I have spent a lot of time recently thinking about careers in science, so I’d like to ask you one question if you’ve made it this far without closing your browser: if you were advising an undergraduate student about careers after graduation, could you honestly recommend a PhD and academia as a viable option, given the current state of science? Could you recommend a prolonged underpaid adolescence (grad school, postdoc), while working toward a rare, and even more intensely competitive (but equally underpaid) junior faculty position that may or may not exist when you’re done? I’m certain I could not recommend this path to a student starting today. If I were a tenured faculty member right now, I could not justify taking on a graduate student. I’m not sure it would be ethical. Ten years ago, when I started on this path, things were a little different. I saw postdocs in my lab, and in my large interdisciplinary project getting good jobs, and saw scientists doing interesting work (one out of three attained a TT position). I saw a reasonable career pathway that would be challenging but rewarding. Today’s students should (hopefully) see the numbers from studies like the one I’ve highlighted today, and run away screaming from an academic path that offers little in the way of job prospects, salary, or future job security. The current labor supply glut is far greater than the system can absorb into permanent positions in the near future, and a silent majority of trained scientists have dropped off the academic track along the way. The tenure track has become a war of attrition, rather than a fair competition among young scientists with the best new ideas, and that is a big problem.
So given my current position as a postdoc, I suppose the question is: what now? Before I started my job, I laid out a set of concrete rules that I’ve followed perfectly so far. These rules help me manage and accept the major structural problems in academic science that I see around me.
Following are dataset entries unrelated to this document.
lemma card_shared_Un_private_subsets:
  assumes "finite F" "\<And>A. A \<in> F \<Longrightarrow> finite A"
    and "\<And>A. A \<in> F \<Longrightarrow> L A \<subseteq> private_part F A"
  shows "card (\<Union>A\<in>F. (A - private_part F A) \<union> L A)
           = card (\<Union>A\<in>F. A - private_part F A) + (\<Sum>A\<in>F. card (L A))"
proof -
  have L_sub: "L A \<subseteq> A" if "A \<in> F" for A
    using assms(3)[OF that] private_part_subset by (rule subset_trans)
  have fin_L: "finite (L A)" if "A \<in> F" for A
    using L_sub[OF that] assms(2)[OF that] by (rule finite_subset)
  have owner: "x \<notin> A'" if "A \<in> F" "A' \<in> F" "A' \<noteq> A" "x \<in> L A" for A A' x
  proof -
    have "x \<in> private_part F A" using assms(3)[OF that(1)] that(4) by (rule subsetD)
    then show ?thesis using that(2,3) by (rule private_part_not_in_other)
  qed
  have "card (\<Union>A\<in>F. L A) = (\<Sum>A\<in>F. card (L A))"
  proof (rule card_UN_disjoint)
    show "\<forall>A\<in>F. \<forall>A'\<in>F. A \<noteq> A' \<longrightarrow> L A \<inter> L A' = {}"
    proof (intro ballI impI)
      fix A A' assume "A \<in> F" "A' \<in> F" "A \<noteq> A'"
      then show "L A \<inter> L A' = {}" using owner[of A A'] L_sub[of A'] by blast
    qed
  qed (use assms(1) fin_L in auto)
  moreover have "(\<Union>A\<in>F. A - private_part F A) \<inter> (\<Union>A\<in>F. L A) = {}"
  proof -
    have "x \<notin> A' - private_part F A'" if "A \<in> F" "A' \<in> F" "x \<in> L A" for A A' x
      using owner[OF that(1,2) _ that(3)] assms(3)[OF that(1)] that(3) by blast
    then show ?thesis by blast
  qed
  moreover have "(\<Union>A\<in>F. (A - private_part F A) \<union> L A)
                   = (\<Union>A\<in>F. A - private_part F A) \<union> (\<Union>A\<in>F. L A)" by blast
  ultimately show ?thesis using assms(1,2) fin_L by (simp add: card_Un_disjoint)
qed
I took my current position with three ideas in mind: 1) this is an exciting project, in a field I always wanted to explore (I changed disciplines entirely following my PhD), 2) this position would be the only postdoc I’d ever have, and 3) if I didn’t have an academic TT job by the time this postdoc was over, I’d find a different career. So far #1 has been great success. I’ve learned a ton, contributed a solid paper that helps understand “Snowball Earth” (an undergraduate fascination of mine), and will continue to work hard to understand triple oxygen isotopes in the geologic record, at least until funding runs out. I’m still awaiting results of #2, as I’ve applied for a number of jobs recently and interviews are still being conducted at a number of schools. As for #3, I’m funded until the end of July, and we’ll see where things go after that. As much as I’d love an academic career, there are a lot of other paths in life, and I’m not so one-track focused that I’d do “whatever it takes.” At the end of the day, it’s just a job like any other, and there are things that are important in life outside of science.
Perhaps most of all, when I’m old and grey and look back on my career, I hope I can confidently say that I didn’t win the rat race. I think Chris would be proud of me for saying so.